─── Records supplied

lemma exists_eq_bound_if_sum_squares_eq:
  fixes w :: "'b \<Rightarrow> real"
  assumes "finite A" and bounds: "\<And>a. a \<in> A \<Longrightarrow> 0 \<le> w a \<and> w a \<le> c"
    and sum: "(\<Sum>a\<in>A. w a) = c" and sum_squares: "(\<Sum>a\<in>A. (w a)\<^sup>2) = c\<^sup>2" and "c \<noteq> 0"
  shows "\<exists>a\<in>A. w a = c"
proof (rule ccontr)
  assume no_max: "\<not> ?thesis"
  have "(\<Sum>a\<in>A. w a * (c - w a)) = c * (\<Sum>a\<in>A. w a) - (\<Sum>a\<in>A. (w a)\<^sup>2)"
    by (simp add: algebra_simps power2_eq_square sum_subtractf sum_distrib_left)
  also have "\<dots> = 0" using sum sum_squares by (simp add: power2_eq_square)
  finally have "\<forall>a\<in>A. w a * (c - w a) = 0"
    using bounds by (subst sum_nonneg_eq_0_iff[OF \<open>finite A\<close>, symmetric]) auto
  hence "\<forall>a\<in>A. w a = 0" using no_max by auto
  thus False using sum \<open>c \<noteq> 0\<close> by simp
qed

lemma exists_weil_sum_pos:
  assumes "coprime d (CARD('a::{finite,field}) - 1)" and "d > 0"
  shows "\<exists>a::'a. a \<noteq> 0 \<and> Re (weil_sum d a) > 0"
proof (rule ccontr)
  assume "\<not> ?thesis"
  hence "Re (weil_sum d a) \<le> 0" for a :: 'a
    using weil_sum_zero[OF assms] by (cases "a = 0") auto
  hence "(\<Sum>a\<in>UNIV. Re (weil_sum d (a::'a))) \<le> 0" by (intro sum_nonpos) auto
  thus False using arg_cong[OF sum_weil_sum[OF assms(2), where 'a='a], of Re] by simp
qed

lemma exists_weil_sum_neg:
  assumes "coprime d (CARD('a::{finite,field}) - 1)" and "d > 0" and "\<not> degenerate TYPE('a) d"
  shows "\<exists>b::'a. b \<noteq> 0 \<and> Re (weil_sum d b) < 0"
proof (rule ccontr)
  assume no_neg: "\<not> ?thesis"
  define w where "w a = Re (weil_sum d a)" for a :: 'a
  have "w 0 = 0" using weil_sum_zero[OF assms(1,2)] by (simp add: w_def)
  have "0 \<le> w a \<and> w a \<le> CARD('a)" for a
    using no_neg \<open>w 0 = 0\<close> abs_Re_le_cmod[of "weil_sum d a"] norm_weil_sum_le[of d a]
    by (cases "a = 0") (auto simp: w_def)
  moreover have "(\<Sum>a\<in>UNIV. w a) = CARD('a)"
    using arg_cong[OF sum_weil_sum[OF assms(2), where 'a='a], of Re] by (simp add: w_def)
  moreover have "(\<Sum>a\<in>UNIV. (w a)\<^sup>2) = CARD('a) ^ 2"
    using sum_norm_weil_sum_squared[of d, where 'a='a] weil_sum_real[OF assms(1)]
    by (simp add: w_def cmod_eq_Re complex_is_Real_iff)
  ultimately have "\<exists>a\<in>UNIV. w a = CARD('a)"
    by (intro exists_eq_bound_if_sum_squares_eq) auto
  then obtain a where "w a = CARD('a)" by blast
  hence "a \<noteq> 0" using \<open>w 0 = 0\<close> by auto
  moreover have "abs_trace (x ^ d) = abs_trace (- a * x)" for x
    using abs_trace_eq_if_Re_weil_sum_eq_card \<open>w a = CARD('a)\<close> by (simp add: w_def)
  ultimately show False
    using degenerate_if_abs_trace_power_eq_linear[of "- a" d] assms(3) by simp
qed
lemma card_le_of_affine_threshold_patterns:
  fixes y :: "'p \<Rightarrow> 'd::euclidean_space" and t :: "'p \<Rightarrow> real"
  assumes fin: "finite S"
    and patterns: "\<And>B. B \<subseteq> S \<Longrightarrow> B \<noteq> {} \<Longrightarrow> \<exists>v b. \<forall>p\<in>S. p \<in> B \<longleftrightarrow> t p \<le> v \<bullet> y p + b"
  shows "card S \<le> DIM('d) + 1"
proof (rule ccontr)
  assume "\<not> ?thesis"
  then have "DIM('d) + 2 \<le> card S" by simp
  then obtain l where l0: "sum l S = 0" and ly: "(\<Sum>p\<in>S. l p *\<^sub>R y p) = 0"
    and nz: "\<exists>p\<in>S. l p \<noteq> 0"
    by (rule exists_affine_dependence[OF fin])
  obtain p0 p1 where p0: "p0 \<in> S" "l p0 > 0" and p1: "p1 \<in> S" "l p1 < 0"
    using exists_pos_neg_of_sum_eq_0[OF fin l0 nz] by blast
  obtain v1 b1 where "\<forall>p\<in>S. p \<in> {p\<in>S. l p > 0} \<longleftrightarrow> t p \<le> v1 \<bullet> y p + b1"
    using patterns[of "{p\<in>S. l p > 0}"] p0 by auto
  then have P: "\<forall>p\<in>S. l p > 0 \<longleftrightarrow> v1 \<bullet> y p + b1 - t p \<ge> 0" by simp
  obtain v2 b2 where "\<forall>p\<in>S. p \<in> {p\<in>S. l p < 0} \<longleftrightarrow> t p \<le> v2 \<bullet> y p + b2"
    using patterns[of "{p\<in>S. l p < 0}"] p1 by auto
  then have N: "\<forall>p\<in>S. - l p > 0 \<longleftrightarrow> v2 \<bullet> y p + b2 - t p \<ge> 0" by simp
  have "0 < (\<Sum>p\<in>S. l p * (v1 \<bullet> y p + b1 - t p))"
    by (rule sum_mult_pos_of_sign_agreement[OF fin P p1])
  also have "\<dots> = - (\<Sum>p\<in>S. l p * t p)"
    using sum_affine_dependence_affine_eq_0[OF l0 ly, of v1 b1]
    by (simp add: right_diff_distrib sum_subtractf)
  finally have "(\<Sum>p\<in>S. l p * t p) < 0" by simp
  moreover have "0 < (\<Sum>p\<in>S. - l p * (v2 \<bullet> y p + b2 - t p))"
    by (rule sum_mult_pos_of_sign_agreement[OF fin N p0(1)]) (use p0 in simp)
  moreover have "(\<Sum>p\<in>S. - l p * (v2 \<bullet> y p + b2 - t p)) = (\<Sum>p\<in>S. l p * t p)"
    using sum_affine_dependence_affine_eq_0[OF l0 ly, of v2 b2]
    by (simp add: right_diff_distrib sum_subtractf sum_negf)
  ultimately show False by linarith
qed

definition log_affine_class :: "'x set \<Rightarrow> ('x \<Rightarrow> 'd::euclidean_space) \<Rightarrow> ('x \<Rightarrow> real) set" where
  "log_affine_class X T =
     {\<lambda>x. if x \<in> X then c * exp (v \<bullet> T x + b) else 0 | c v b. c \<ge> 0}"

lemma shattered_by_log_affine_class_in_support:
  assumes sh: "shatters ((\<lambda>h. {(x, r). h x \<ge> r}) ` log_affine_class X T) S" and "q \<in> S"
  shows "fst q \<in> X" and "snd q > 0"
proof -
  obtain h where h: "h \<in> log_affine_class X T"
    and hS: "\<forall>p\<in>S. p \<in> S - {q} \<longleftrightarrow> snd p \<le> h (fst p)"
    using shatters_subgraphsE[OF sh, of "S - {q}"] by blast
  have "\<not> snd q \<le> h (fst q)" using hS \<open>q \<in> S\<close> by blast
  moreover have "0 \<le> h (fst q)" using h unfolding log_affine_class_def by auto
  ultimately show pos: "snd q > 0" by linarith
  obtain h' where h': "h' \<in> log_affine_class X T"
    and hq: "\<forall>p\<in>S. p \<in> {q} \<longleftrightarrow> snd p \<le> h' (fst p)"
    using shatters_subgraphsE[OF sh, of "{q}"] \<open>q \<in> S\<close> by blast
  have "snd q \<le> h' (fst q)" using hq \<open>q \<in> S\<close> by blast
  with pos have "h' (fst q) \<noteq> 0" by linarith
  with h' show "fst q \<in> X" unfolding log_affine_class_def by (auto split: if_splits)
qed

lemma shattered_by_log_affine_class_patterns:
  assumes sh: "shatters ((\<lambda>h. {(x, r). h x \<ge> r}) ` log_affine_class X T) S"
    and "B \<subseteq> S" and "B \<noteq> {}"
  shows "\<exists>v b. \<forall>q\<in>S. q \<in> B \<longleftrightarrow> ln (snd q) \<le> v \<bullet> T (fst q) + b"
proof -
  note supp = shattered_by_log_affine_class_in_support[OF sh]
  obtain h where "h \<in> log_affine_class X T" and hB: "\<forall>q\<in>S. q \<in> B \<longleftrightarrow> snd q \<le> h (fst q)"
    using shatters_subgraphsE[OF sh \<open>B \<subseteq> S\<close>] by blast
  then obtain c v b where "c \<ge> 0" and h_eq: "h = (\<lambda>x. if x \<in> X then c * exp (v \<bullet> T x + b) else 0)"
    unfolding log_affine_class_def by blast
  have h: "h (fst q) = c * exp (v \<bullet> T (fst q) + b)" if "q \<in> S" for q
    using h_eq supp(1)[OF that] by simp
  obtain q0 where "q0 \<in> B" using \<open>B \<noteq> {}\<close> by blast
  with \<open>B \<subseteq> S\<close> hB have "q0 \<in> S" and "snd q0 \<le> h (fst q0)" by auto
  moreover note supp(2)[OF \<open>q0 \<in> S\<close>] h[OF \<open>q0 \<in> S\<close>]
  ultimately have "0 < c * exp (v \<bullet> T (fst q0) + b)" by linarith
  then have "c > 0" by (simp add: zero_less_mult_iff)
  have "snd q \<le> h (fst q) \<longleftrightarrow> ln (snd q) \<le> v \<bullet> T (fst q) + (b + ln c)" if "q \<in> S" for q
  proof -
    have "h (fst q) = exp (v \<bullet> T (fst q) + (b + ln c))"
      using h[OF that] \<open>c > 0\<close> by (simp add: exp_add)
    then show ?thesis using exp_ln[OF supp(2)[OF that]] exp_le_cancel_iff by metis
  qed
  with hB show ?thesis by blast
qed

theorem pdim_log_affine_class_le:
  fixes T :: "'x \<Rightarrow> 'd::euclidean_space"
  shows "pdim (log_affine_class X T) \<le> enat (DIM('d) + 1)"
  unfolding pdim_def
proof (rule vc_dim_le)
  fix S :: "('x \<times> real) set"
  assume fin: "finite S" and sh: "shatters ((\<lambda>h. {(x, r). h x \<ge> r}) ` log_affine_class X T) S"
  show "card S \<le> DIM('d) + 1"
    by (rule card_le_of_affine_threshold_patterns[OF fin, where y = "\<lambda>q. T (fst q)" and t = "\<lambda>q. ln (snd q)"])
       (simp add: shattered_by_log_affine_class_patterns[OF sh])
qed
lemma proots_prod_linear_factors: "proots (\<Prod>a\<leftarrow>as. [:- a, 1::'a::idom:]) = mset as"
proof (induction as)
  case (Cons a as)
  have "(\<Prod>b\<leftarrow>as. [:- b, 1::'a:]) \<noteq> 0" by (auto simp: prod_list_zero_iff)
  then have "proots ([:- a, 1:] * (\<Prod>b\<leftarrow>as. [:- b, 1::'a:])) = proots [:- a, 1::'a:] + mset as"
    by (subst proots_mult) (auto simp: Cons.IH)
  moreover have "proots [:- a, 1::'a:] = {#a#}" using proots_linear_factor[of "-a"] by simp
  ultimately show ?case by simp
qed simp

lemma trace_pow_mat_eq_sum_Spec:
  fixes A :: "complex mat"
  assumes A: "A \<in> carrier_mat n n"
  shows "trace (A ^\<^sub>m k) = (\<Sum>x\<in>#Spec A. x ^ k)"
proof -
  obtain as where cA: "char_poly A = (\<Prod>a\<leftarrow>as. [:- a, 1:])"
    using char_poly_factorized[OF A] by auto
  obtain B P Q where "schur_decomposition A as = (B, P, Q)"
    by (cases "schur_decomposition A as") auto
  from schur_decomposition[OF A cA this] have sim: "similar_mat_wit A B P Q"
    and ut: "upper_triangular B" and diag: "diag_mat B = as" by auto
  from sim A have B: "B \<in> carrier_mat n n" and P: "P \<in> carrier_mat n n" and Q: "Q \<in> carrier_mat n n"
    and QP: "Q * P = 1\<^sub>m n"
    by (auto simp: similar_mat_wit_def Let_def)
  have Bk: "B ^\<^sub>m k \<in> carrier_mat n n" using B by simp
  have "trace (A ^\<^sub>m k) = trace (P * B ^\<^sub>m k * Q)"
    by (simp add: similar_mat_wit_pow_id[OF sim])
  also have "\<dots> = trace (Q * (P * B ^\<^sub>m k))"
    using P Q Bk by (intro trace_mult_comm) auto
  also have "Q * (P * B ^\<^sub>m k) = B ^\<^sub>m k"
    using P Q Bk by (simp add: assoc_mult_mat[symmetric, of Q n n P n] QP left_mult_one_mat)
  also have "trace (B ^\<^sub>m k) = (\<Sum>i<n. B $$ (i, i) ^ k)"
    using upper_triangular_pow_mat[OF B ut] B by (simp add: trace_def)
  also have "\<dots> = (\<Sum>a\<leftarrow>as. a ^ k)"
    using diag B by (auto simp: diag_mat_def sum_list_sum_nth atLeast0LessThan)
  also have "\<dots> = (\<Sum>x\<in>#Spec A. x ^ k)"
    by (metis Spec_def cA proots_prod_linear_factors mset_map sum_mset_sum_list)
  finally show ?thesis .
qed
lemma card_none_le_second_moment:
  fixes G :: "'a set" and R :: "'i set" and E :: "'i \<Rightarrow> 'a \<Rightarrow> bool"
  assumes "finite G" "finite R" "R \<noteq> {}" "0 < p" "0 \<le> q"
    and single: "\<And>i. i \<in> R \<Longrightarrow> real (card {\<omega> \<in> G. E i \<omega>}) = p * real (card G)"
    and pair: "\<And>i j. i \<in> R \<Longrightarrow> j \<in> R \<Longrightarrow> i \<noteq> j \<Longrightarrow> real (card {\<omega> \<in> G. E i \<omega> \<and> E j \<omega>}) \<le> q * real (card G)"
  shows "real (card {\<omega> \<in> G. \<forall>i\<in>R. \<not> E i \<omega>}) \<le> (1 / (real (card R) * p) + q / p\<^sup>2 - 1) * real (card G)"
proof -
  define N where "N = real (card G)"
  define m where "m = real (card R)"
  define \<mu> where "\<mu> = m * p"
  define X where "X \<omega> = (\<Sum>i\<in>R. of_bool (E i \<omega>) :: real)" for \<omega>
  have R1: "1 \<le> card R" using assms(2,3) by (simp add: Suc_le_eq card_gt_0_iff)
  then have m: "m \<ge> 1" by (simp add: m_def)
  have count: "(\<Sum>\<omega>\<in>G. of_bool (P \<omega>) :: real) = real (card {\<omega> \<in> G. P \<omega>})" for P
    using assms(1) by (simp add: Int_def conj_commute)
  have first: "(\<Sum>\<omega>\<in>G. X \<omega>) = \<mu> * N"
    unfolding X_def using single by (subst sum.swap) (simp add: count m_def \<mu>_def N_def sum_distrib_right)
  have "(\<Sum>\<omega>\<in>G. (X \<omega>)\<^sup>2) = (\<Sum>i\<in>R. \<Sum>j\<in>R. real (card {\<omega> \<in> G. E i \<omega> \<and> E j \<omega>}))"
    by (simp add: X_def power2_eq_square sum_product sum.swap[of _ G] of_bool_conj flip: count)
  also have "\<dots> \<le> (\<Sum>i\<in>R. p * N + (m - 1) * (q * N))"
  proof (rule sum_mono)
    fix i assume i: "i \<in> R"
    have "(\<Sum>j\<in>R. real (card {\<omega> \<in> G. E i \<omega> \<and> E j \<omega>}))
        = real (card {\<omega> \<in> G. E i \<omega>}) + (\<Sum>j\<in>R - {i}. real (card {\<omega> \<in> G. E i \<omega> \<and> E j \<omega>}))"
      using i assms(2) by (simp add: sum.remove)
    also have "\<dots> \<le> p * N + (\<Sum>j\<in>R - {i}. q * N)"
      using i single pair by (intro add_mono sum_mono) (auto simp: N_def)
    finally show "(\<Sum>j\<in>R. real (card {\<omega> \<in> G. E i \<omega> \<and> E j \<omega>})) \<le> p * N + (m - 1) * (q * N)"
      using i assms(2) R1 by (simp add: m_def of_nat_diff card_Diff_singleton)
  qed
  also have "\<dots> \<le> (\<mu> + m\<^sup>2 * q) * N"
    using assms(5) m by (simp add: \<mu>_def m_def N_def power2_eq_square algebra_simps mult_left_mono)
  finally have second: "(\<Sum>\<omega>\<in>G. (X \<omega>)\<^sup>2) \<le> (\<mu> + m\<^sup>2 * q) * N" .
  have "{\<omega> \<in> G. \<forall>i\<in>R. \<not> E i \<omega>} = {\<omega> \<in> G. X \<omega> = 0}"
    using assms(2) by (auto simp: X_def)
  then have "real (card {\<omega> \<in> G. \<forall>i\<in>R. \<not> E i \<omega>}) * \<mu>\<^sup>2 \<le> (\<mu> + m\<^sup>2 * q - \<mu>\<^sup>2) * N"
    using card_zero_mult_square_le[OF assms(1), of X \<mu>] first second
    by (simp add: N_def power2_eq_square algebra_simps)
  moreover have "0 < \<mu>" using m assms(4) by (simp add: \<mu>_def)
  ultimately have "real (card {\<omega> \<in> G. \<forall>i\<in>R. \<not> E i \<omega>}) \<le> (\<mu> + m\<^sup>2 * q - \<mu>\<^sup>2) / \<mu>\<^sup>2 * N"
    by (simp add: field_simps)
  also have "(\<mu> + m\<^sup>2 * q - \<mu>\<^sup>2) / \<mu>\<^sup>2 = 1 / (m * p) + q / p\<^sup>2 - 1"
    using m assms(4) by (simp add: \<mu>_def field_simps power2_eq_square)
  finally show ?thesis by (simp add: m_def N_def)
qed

──────

Action item:
Return word for word the lines above from the line with "using assms(5) m" to the line with "(simp add: \<mu>_def)", including both and leaving out all others.

Answer space:
    using assms(5) m by (simp add: \<mu>_def m_def N_def power2_eq_square algebra_simps mult_left_mono)
  finally have second: "(\<Sum>\<omega>\<in>G. (X \<omega>)\<^sup>2) \<le> (\<mu> + m\<^sup>2 * q) * N" .
  have "{\<omega> \<in> G. \<forall>i\<in>R. \<not> E i \<omega>} = {\<omega> \<in> G. X \<omega> = 0}"
    using assms(2) by (auto simp: X_def)
  then have "real (card {\<omega> \<in> G. \<forall>i\<in>R. \<not> E i \<omega>}) * \<mu>\<^sup>2 \<le> (\<mu> + m\<^sup>2 * q - \<mu>\<^sup>2) * N"
    using card_zero_mult_square_le[OF assms(1), of X \<mu>] first second
    by (simp add: N_def power2_eq_square algebra_simps)
  moreover have "0 < \<mu>" using m assms(4) by (simp add: \<mu>_def)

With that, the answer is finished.